Verizon Takes a Stand on Prices
Verizon
(VZ) - Get Report
has seen the price cuts and the damage done.
Despite putting up
disappointing first-quarter numbers in its critical wireless and fast Net access businesses, Verizon hinted Tuesday that it's willing to hold the line on prices. And judging by the company's bold comments regarding broadband offerings, industry observers say Verizon may be pushing broadly toward healthier prices and fatter margins.
That stance, while not quite daring coming from a virtual phone monopoly, could serve as a much-needed cease-fire in the ever-escalating telecom price war. As investors have seen in great detail during the past month, abundant capacity, torrents of red ink and mountains of debt are now threatening the financial health of the entire industry, provoking prolonged plunges in the shares of its biggest players.
Now, observers say, a newfound spending discipline and renewed attention to profits could help usher in an era of recovering finances at the big phone companies, with No. 1 local phone provider Verizon taking the lead. After a day in which No. 2 long-distance player
WorldCom
(WCOM)
took a 15% hit on a staggering 256 million shares traded, there could at last be a glimmering on the horizon for telecom investors.
Out With the Trash
It has increasingly appeared in recent years that the telcos face an unenviable and unavoidable choice between market share and profitability. But now that Verizon, for one, is apparently leaning toward profits, other big players may come to their senses as well and effectively throw their hands up on a game that threatens to bankrupt an entire industry in a massive fit of price-lowballing and customer-stealing.
"Verizon's growth will improve with the economy, so there's no reason for them to walk out tomorrow to trash their business," says Stuart Conrad of 3 Squared Capital Partners, an Atlanta-based hedge fund. "They can pick their fights because, basically, their competitors are going out of business." Conrad holds shares in rival
BellSouth
(BLS)
but not in Verizon.
Of course, this could simply be posturing on Verizon's part, an attempt to show Wall Street that unlike the rest of the teetering pack like
Qwest
(Q)
and WorldCom, it holds profits as a paramount objective.

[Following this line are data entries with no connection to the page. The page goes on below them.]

(* Fix $n\ge1$. For every $\beta>0$ there exist compact sets $A,B\subset\mathbb{R}^n$ such that $$|A|\,|A+B+B|>\beta|A+B|^2.$$
   Context: $|\cdot|$ is $n$-dimensional Lebesgue measure and $+$ is Minkowski addition. *)

theory Defs
  imports "HOL-Analysis.Analysis" "HOL-Library.Set_Algebras"
begin

end

theory Submission
  imports Defs
begin

text \<open>
  Let A be a ball of radius R = 3m^2 together with K unit balls centred at the points
  k m^2 v (k < K) of a progression with step v, \<parallel>v\<parallel> = 3, and let B = {t v | t \<in> T} for the
  digit set T = {0..m-1} \<union> m {0..m-1}. Adding B keeps the big ball inside the ball of
  radius 2R and turns each small ball into at most |T| \<le> 2m unit balls, so |A + B| is at most
  a constant times R^n + K m. Since T + T contains every number below m^2, the set A + B + B
  contains K m^2 disjoint unit balls. With K m = (2R)^n the ratio |A| |A + B + B| / |A + B|^2
  grows linearly in m.
\<close>

lemma image_set_plus:
  assumes "\<And>x y. f (x + y) = f x + f y"
  shows "f ` (X + Y) = f ` X + f ` Y"
  unfolding set_plus_image image_image by (force simp: assms image_iff)

lemma card_set_plus_le:
  assumes "finite X" "finite Y"
  shows "card (X + Y) \<le> card X * card Y"
  unfolding set_plus_image
  by (metis assms card_cartesian_product card_image_le finite_cartesian_product)

lemma compact_set_plus:
  fixes X Y :: "'a::real_normed_vector set"
  assumes "compact X" "compact Y"
  shows "compact (X + Y)"
proof -
  have "X + Y = {x + y | x y. x \<in> X \<and> y \<in> Y}" by (auto simp: set_plus_def)
  then show ?thesis using compact_sums[OF assms] by simp
qed

lemma UN_cball_plus:
  fixes P Q :: "'a::real_normed_vector set"
  shows "(\<Union>c\<in>P. cball c r) + Q = (\<Union>c\<in>P + Q. cball c r)"
proof (intro equalityI subsetI)
  fix z assume "z \<in> (\<Union>c\<in>P. cball c r) + Q"
  then obtain c x q where "c \<in> P" "x \<in> cball c r" "q \<in> Q" "z = x + q"
    by (auto elim!: set_plus_elim)
  then show "z \<in> (\<Union>c\<in>P + Q. cball c r)"
    by (auto simp: dist_norm intro!: bexI[of _ "c + q"])
next
  fix z assume "z \<in> (\<Union>c\<in>P + Q. cball c r)"
  then obtain c q where "c \<in> P" "q \<in> Q" "z \<in> cball (c + q) r"
    by (auto elim!: set_plus_elim)
  then have "z - q \<in> (\<Union>c\<in>P. cball c r)" by (auto simp: dist_norm algebra_simps)
  then have "z - q + q \<in> (\<Union>c\<in>P. cball c r) + Q" using \<open>q \<in> Q\<close> by blast
  then show "z \<in> (\<Union>c\<in>P. cball c r) + Q" by simp
qed

lemma cball_plus_subset:
  fixes Q :: "'a::real_normed_vector set"
  assumes "Q \<subseteq> cball 0 s"
  shows "cball 0 r + Q \<subseteq> cball 0 (r + s)"
proof
  fix z assume "z \<in> cball 0 r + Q"
  then obtain x q where "norm x \<le> r" "q \<in> Q" "z = x + q" by (auto elim!: set_plus_elim)
  moreover have "norm q \<le> s" using assms \<open>q \<in> Q\<close> by auto
  ultimately show "z \<in> cball 0 (r + s)" by (simp add: norm_triangle_le)
qed

lemma measure_UN_cball_separated:
  fixes P :: "'a::euclidean_space set"
  assumes "finite P" "r \<ge> 0" and separated: "\<And>c d. c \<in> P \<Longrightarrow> d \<in> P \<Longrightarrow> c \<noteq> d \<Longrightarrow> dist c d > 2 * r"
  shows "measure lebesgue (\<Union>c\<in>P. cball c r) = card P * (unit_ball_vol DIM('a) * r ^ DIM('a))"
proof -
  have "disjoint_family_on (\<lambda>c. cball c r) P"
    unfolding disjoint_family_on_def
  proof (intro ballI impI)
    fix c d assume "c \<in> P" "d \<in> P" "c \<noteq> d"
    have "x \<notin> cball d r" if "x \<in> cball c r" for x
      using that separated[OF \<open>c \<in> P\<close> \<open>d \<in> P\<close> \<open>c \<noteq> d\<close>] dist_triangle[of c d x]
      by (auto simp: dist_commute)
    then show "cball c r \<inter> cball d r = {}" by blast
  qed
  then have "measure lebesgue (\<Union>c\<in>P. cball c r) = (\<Sum>c\<in>P. measure lebesgue (cball c r))"
    using assms by (intro measure_finite_Union) (auto simp: emeasure_eq_measure2)
  also have "\<dots> = card P * (unit_ball_vol DIM('a) * r ^ DIM('a))"
    using assms by (simp add: content_cball)
  finally show ?thesis .
qed

definition progression_balls :: "'a::real_normed_vector \<Rightarrow> nat set \<Rightarrow> 'a set" where
  "progression_balls v S = (\<Union>c\<in>(\<lambda>N. real N *\<^sub>R v) ` S. cball c 1)"

lemma compact_progression_balls:
  fixes v :: "'a::{real_normed_vector, heine_borel}"
  shows "finite S \<Longrightarrow> compact (progression_balls v S)"
  unfolding progression_balls_def by (intro compact_UN) auto

lemma progression_balls_plus:
  "progression_balls v S + (\<lambda>N. real N *\<^sub>R v) ` T = progression_balls v (S + T)"
proof -
  have "(\<lambda>N. real N *\<^sub>R v) ` (S + T) = (\<lambda>N. real N *\<^sub>R v) ` S + (\<lambda>N. real N *\<^sub>R v) ` T"
    by (rule image_set_plus) (simp add: scaleR_add_left)
  then show ?thesis by (simp only: progression_balls_def UN_cball_plus)
qed

lemma measure_progression_balls:
  fixes v :: "'a::euclidean_space"
  assumes "norm v > 2" "finite S"
  shows "measure lebesgue (progression_balls v S) = card S * unit_ball_vol DIM('a)"
proof -
  have dist_progression: "dist (real N *\<^sub>R v) (real M *\<^sub>R v) = \<bar>real N - real M\<bar> * norm v" for N M
    by (simp add: dist_norm flip: scaleR_diff_left)
  have "inj_on (\<lambda>N. real N *\<^sub>R v) S"
    using assms(1) by (intro inj_onI) (auto simp: scaleR_cancel_right)
  moreover have "dist c d > 2 * 1"
    if cd: "c \<in> (\<lambda>N. real N *\<^sub>R v) ` S" "d \<in> (\<lambda>N. real N *\<^sub>R v) ` S" "c \<noteq> d" for c d
  proof -
    obtain N M where cd_eq: "c = real N *\<^sub>R v" "d = real M *\<^sub>R v" "N \<noteq> M" using cd by auto
    then have "1 \<le> \<bar>real N - real M\<bar>" by (cases "N < M") auto
    then have "norm v \<le> \<bar>real N - real M\<bar> * norm v"
      using mult_right_mono[OF _ norm_ge_zero[of v]] by fastforce
    then show ?thesis using assms(1) by (simp add: cd_eq dist_progression)
  qed
  ultimately show ?thesis
    using measure_UN_cball_separated[of "(\<lambda>N. real N *\<^sub>R v) ` S" 1] assms
    by (simp add: progression_balls_def card_image)
qed

lemma measure_ball_and_progression_sumsets:
  fixes v :: "'a::euclidean_space"
  assumes v: "norm v > 2" and fin: "finite S" "finite T"
    and R: "R \<ge> 0" "\<forall>t\<in>T. real t * norm v \<le> R"
  defines "A \<equiv> cball 0 R \<union> progression_balls v S" and "B \<equiv> (\<lambda>N. real N *\<^sub>R v) ` T"
  shows "compact A" and "compact B"
    and "measure lebesgue A \<ge> unit_ball_vol DIM('a) * R ^ DIM('a)"
    and "measure lebesgue (A + B) \<le> unit_ball_vol DIM('a) * ((2 * R) ^ DIM('a) + card S * card T)"
    and "measure lebesgue (A + B + B) \<ge> unit_ball_vol DIM('a) * card (S + T + T)"
proof -
  have balls_plus_B: "progression_balls v X + B = progression_balls v (X + T)" for X
    unfolding B_def by (rule progression_balls_plus)
  have balls_lmeasurable: "progression_balls v X \<in> lmeasurable" if "finite X" for X
    using that by (intro lmeasurable_compact compact_progression_balls)
  have finite_sums: "finite (S + T)" "finite (S + T + T)" using fin by (auto intro: finite_set_plus)
  show "compact A" unfolding A_def using fin by (intro compact_Un compact_progression_balls) auto
  moreover show "compact B" unfolding B_def using fin by (simp add: finite_imp_compact)
  ultimately have lmeasurable: "A \<in> lmeasurable" "A + B \<in> lmeasurable" "A + B + B \<in> lmeasurable"
    by (auto intro!: lmeasurable_compact compact_set_plus)
  have "measure lebesgue (cball (0::'a) R) \<le> measure lebesgue A"
    by (rule measure_mono_fmeasurable[OF _ fmeasurableD[OF lmeasurable_cball] lmeasurable(1)])
      (simp add: A_def)
  then show "measure lebesgue A \<ge> unit_ball_vol DIM('a) * R ^ DIM('a)"
    using R(1) by (simp add: content_cball)
  have "B \<subseteq> cball 0 R" using R(2) by (auto simp: B_def)
  then have "cball 0 R + B \<subseteq> cball 0 (2 * R)" using cball_plus_subset[of B R R] by (simp only: mult_2)
  then have "A + B \<subseteq> cball 0 (2 * R) \<union> progression_balls v (S + T)"
    unfolding A_def Un_set_plus balls_plus_B by blast
  then have "measure lebesgue (A + B) \<le> measure lebesgue (cball (0::'a) (2 * R) \<union> progression_balls v (S + T))"
    using balls_lmeasurable[OF finite_sums(1)] lmeasurable(2)
    by (intro measure_mono_fmeasurable[OF _ _ fmeasurable.Un]) auto
  also have "\<dots> \<le> measure lebesgue (cball (0::'a) (2 * R)) + measure lebesgue (progression_balls v (S + T))"
    using balls_lmeasurable[OF finite_sums(1)] by (intro measure_Un_le) auto
  also have "measure lebesgue (cball (0::'a) (2 * R)) = unit_ball_vol DIM('a) * (2 * R) ^ DIM('a)"
    using R(1) by (simp add: content_cball)
  also have "measure lebesgue (progression_balls v (S + T)) = card (S + T) * unit_ball_vol DIM('a)"
    using v finite_sums(1) by (rule measure_progression_balls)
  also have "real (card (S + T)) \<le> card S * card T"
    using card_set_plus_le[OF fin] by (simp flip: of_nat_mult)
  finally show "measure lebesgue (A + B) \<le> unit_ball_vol DIM('a) * ((2 * R) ^ DIM('a) + card S * card T)"
    by (simp add: distrib_left mult.commute)
  have "progression_balls v (S + T + T) = progression_balls v S + B + B" by (simp only: balls_plus_B)
  also have "\<dots> \<subseteq> A + B + B" unfolding A_def by (intro set_plus_mono2) auto
  finally have "measure lebesgue (progression_balls v (S + T + T)) \<le> measure lebesgue (A + B + B)"
    using balls_lmeasurable[OF finite_sums(2)] by (intro measure_mono_fmeasurable[OF _ _ lmeasurable(3)]) auto
  then show "measure lebesgue (A + B + B) \<ge> unit_ball_vol DIM('a) * card (S + T + T)"
    using measure_progression_balls[OF v finite_sums(2)] by (simp add: mult.commute)
qed

lemma multiples_plus_lessThan:
  fixes d K :: nat
  shows "(\<lambda>k. k * d) ` {..<K} + {..<d} = {..<K * d}"
proof (intro equalityI subsetI)
  fix N assume "N \<in> (\<lambda>k. k * d) ` {..<K} + {..<d}"
  then obtain k i where "k < K" "i < d" "N = k * d + i" by (auto elim!: set_plus_elim)
  then have "N < Suc k * d" by simp
  also have "\<dots> \<le> K * d" using \<open>k < K\<close> by (intro mult_le_mono1) simp
  finally show "N \<in> {..<K * d}" by simp
next
  fix N assume "N \<in> {..<K * d}"
  then have "d > 0" by (auto intro: gr0I)
  then have "N div d < K" "N mod d < d" "N = N div d * d + N mod d"
    using \<open>N \<in> {..<K * d}\<close> by (auto simp: less_mult_imp_div_less)
  then show "N \<in> (\<lambda>k. k * d) ` {..<K} + {..<d}" by (metis imageI lessThan_iff set_plus_intro)
qed

definition digit_set :: "nat \<Rightarrow> nat set" where
  "digit_set m = {..<m} \<union> (\<lambda>j. j * m) ` {..<m}"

Verizon has felt the scorn of shareholders this year, in part because investors have been fleeing heavily leveraged telcos of late. Verizon carries $62 billion in debt, the most of any phone company. The stock hit a one-year low Tuesday shortly after the company reported first-quarter results and lowered its profit and sales outlook for the year, before reversing later in the morning and finishing marginally higher at $40.14.
The nation's largest phone company has been plagued by declines in its local phone business -- particularly by reduced numbers of local phone lines, an unprecedented trend that began last year and shows no sign of abating.
The slide in its core business would be much easier to bear if the company were knocking the cover off the ball in its faster-growing units. But Verizon had weak results in digital subscriber line, or DSL, growth, with a 12% increase, which is roughly half the rate of the previous quarter. And wireless subscriber growth was 64% below year-ago levels.
The 'Right Set'
Verizon CEO Ivan Seidenberg, on a conference call with analysts, blamed the poor DSL numbers on the timing of a sales promotion in the prior quarter. With cable modem service running about $40 per month, Seidenberg was asked if he would cut DSL prices below their $50 monthly rate to compete.
Seidenberg said no, that Verizon wouldn't "discount" to match cable prices but would instead offer new products combined with DSL, including such services as in-home networking, though few details were available on that front.
We'll "find the right price with the right set of products to drive further into the market," said Seidenberg. Analysts say that means Verizon plans to upsell Internet, long-distance and eventually wireless services in varying bundles to its captive phone-customer constituency.
"Verizon doesn't need to cut prices," says 3 Squared's Conrad. "They have already had big successes in their home markets. And in wireless, I don't think they are willing to go down that slippery pricing slope."
Now that many of the industry's weaker players have been put out of business and even some of the stronger ones are in dire straits, more of the big telcos may see some upside to winning back investors with bottom-line growth, another observer says. "I think everyone feels that the marginal competitors are gone, and the end of the price wars is in sight," said an analyst who spoke on the condition of anonymity. "What people want to see is the reverse, a sign that pricing is starting to move up."
Verizon certainly knows what investors want to see. The question now is whether the company can give it to them.